lemma extension_independent:
  assumes "a \<in> C" "b \<in> C" "v = a - b"
  shows "m (p v) - m (p v - v) = m a - m b"
proof -
  have "p v + b = a + (p v - v)" unfolding assms(3) by (simp add: algebra_simps)
  then have "m (p v + b) = m (a + (p v - v))" by (rule arg_cong)
  then show ?thesis using assms(1,2) cone_split additive_on_cone by simp
qed

lemma extension_eq:
  assumes "a \<in> C"
  shows "m (p a) - m (p a - a) = m a"
proof -
  have "m (p a) - m (p a - a) = m (2 *\<^sub>R a) - m a"
    using assms cone_scaleR by (intro extension_independent) (simp_all add: scaleR_2 cone_add)
  also have "\<dots> = m a" using assms homogeneous_on_cone[of a 2] by simp
  finally show ?thesis .
qed

lemma linear_extension: "linear (\<lambda>v. m (p v) - m (p v - v))"
proof (rule linearI)
  fix u v
  have "m (p (u + v)) - m (p (u + v) - (u + v)) = m (p u + p v) - m ((p u - u) + (p v - v))"
    by (rule extension_independent) (simp_all add: cone_add cone_split)
  also have "\<dots> = (m (p u) - m (p u - u)) + (m (p v) - m (p v - v))"
    by (simp add: additive_on_cone cone_split)
  finally show "m (p (u + v)) - m (p (u + v) - (u + v))
      = (m (p u) - m (p u - u)) + (m (p v) - m (p v - v))" .
next
  fix c :: real and v
  consider "0 < c" | "c = 0" | "c < 0" by linarith
  then show "m (p (c *\<^sub>R v)) - m (p (c *\<^sub>R v) - c *\<^sub>R v) = c *\<^sub>R (m (p v) - m (p v - v))"
  proof cases
    case 1
    have "m (p (c *\<^sub>R v)) - m (p (c *\<^sub>R v) - c *\<^sub>R v) = m (c *\<^sub>R p v) - m (c *\<^sub>R (p v - v))"
    proof (rule extension_independent)
      show "c *\<^sub>R v = c *\<^sub>R p v - c *\<^sub>R (p v - v)" by (simp add: algebra_simps)
    qed (simp_all add: 1 cone_scaleR cone_split)
    then show ?thesis using 1 by (simp add: homogeneous_on_cone cone_split right_diff_distrib)
  next
    case 2
    then show ?thesis using extension_independent[of "p 0" "p 0" 0] by (simp add: cone_split)
  next
    case 3
    have "m (p (c *\<^sub>R v)) - m (p (c *\<^sub>R v) - c *\<^sub>R v) = m ((- c) *\<^sub>R (p v - v)) - m ((- c) *\<^sub>R p v)"
    proof (rule extension_independent)
      show "c *\<^sub>R v = (- c) *\<^sub>R (p v - v) - (- c) *\<^sub>R p v" by (simp add: algebra_simps)
    qed (use 3 in \<open>intro cone_scaleR cone_split; simp\<close>)+
    then show ?thesis
      using 3 homogeneous_on_cone[OF cone_split(1), of "- c"] homogeneous_on_cone[OF cone_split(2), of "- c"]
      by (simp add: algebra_simps)
  qed
qed

end

locale bounded_cone_extension = cone_extension +
  fixes M L :: real
  assumes nonneg_on_cone: "\<And>a. a \<in> C \<Longrightarrow> 0 \<le> m a"
    and bounded_on_cone: "\<And>a. a \<in> C \<Longrightarrow> m a \<le> M * norm a"
    and bound_nonneg: "0 \<le> M"
    and split_bounded: "\<And>v. norm (p v) \<le> L * norm v" "\<And>v. norm (p v - v) \<le> L * norm v"
begin

lemma abs_extension_le: "\<bar>m (p v) - m (p v - v)\<bar> \<le> M * L * norm v"
proof -
  have "M * norm a \<le> M * (L * norm v)" if "norm a \<le> L * norm v" for a
    using that bound_nonneg by (rule mult_left_mono)
  then have "m a \<le> M * (L * norm v)" if "a \<in> C" "norm a \<le> L * norm v" for a
    using bounded_on_cone that by (meson order_trans)
  then show ?thesis
    using split_bounded[of v] nonneg_on_cone cone_split
    by (simp add: abs_le_iff algebra_simps add_increasing)
qed

lemma bounded_linear_extension: "bounded_linear (\<lambda>v. m (p v) - m (p v - v))"
  using linear_extension abs_extension_le
  unfolding bounded_linear_def bounded_linear_axioms_def by (metis mult.commute real_norm_def)

end

section \<open>The modulus in the dual\<close>

definition symmetric_interval :: "'a::banach_lattice \<Rightarrow> 'a set" where
  "symmetric_interval x = {y. lmod y \<le> x}"

lemma zero_in_symmetric_interval: "0 \<le> x \<Longrightarrow> 0 \<in> symmetric_interval x"
  unfolding symmetric_interval_def by (simp add: lmod_def)

lemma self_in_symmetric_interval: "0 \<le> x \<Longrightarrow> x \<in> symmetric_interval x"
  unfolding symmetric_interval_def by (simp add: lmod_eq_self)

lemma uminus_in_symmetric_interval: "y \<in> symmetric_interval x \<Longrightarrow> - y \<in> symmetric_interval x"
  unfolding symmetric_interval_def by (simp add: lmod_uminus)

lemma norm_le_of_in_symmetric_interval:
  "y \<in> symmetric_interval x \<Longrightarrow> 0 \<le> x \<Longrightarrow> norm y \<le> norm x"
  unfolding symmetric_interval_def by (rule norm_le_of_lmod_le) simp_all

lemma symmetric_interval_add:
  assumes "0 \<le> x1" "0 \<le> x2"
  shows "symmetric_interval (x1 + x2) = symmetric_interval x1 + symmetric_interval x2"
proof (intro equalityI subsetI)
  fix y assume "y \<in> symmetric_interval (x1 + x2)"
  then have "lmod y \<le> x1 + x2" unfolding symmetric_interval_def by simp
  then obtain y1 y2 where "y = y1 + y2" "lmod y1 \<le> x1" "lmod y2 \<le> x2"
    using assms by (rule lmod_riesz_decomposition)
  then show "y \<in> symmetric_interval x1 + symmetric_interval x2"
    unfolding symmetric_interval_def by auto
next
  fix y assume "y \<in> symmetric_interval x1 + symmetric_interval x2"
  then obtain y1 y2 where "y = y1 + y2" "lmod y1 \<le> x1" "lmod y2 \<le> x2"
    unfolding symmetric_interval_def by (auto elim: set_plus_elim)
  then have "lmod y \<le> x1 + x2" using lmod_add_le[of y1 y2] by (metis add_mono order_trans)
  then show "y \<in> symmetric_interval (x1 + x2)" unfolding symmetric_interval_def by simp
qed

lemma symmetric_interval_scaleR:
  assumes "0 < c"
  shows "symmetric_interval (c *\<^sub>R x) = scaleR c ` symmetric_interval x"
proof (intro equalityI subsetI)
  fix y assume "y \<in> symmetric_interval (c *\<^sub>R x)"
  then have "lmod y \<le> c *\<^sub>R x" unfolding symmetric_interval_def by simp
  have "lmod (inverse c *\<^sub>R y) = inverse c *\<^sub>R lmod y" using assms by (simp add: lmod_scaleR)
  also have "\<dots> \<le> inverse c *\<^sub>R (c *\<^sub>R x)"
    using assms \<open>lmod y \<le> c *\<^sub>R x\<close> by (intro scaleR_left_mono) auto
  finally have "inverse c *\<^sub>R y \<in> symmetric_interval x"
    using assms unfolding symmetric_interval_def by simp
  moreover have "y = c *\<^sub>R (inverse c *\<^sub>R y)" using assms by simp
  ultimately show "y \<in> scaleR c ` symmetric_interval x" by blast
next
  fix y assume "y \<in> scaleR c ` symmetric_interval x"
  then obtain z where "y = c *\<^sub>R z" "lmod z \<le> x" unfolding symmetric_interval_def by auto
  then show "y \<in> symmetric_interval (c *\<^sub>R x)"
    using assms unfolding symmetric_interval_def by (simp add: lmod_scaleR scaleR_left_mono)
qed

lemma blinfun_le_on_symmetric_interval:
  assumes "y \<in> symmetric_interval x" "0 \<le> x"
  shows "blinfun_apply f y \<le> norm f * norm x"
proof -
  have "blinfun_apply f y \<le> norm f * norm y"
    using norm_blinfun[of f y] by simp
  also have "\<dots> \<le> norm f * norm x"
    using norm_le_of_in_symmetric_interval[OF assms] by (simp add: mult_left_mono)
  finally show ?thesis .
qed

lemma bdd_above_symmetric_interval:
  fixes f :: "'a::banach_lattice \<Rightarrow>\<^sub>L real"
  assumes "0 \<le> x"
  shows "bdd_above (blinfun_apply f ` symmetric_interval x)"
proof (rule bdd_aboveI2)
  fix y assume "y \<in> symmetric_interval x"
  then show "blinfun_apply f y \<le> norm f * norm x"
    using assms by (rule blinfun_le_on_symmetric_interval)
qed

text \<open>On positive x, the Riesz--Kantorovich formula for the modulus of f.\<close>
definition modulus_sup :: "('a::banach_lattice \<Rightarrow>\<^sub>L real) \<Rightarrow> 'a \<Rightarrow> real" where
  "modulus_sup f x = Sup (blinfun_apply f ` symmetric_interval x)"

lemma modulus_sup_upper:
  "y \<in> symmetric_interval x \<Longrightarrow> 0 \<le> x \<Longrightarrow> blinfun_apply f y \<le> modulus_sup f x"
  unfolding modulus_sup_def by (rule cSup_upper) (auto intro: bdd_above_symmetric_interval)

lemma modulus_sup_least:
  assumes "0 \<le> x" "\<And>y. y \<in> symmetric_interval x \<Longrightarrow> blinfun_apply f y \<le> B"
  shows "modulus_sup f x \<le> B"
  unfolding modulus_sup_def using assms zero_in_symmetric_interval by (auto intro!: cSup_least)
◇ ◇ ◇ ◇ ◇ ◇ ◇
What you should do: Reply with one number, the count of lines in the data that contain "open".

Solution to the problem: 4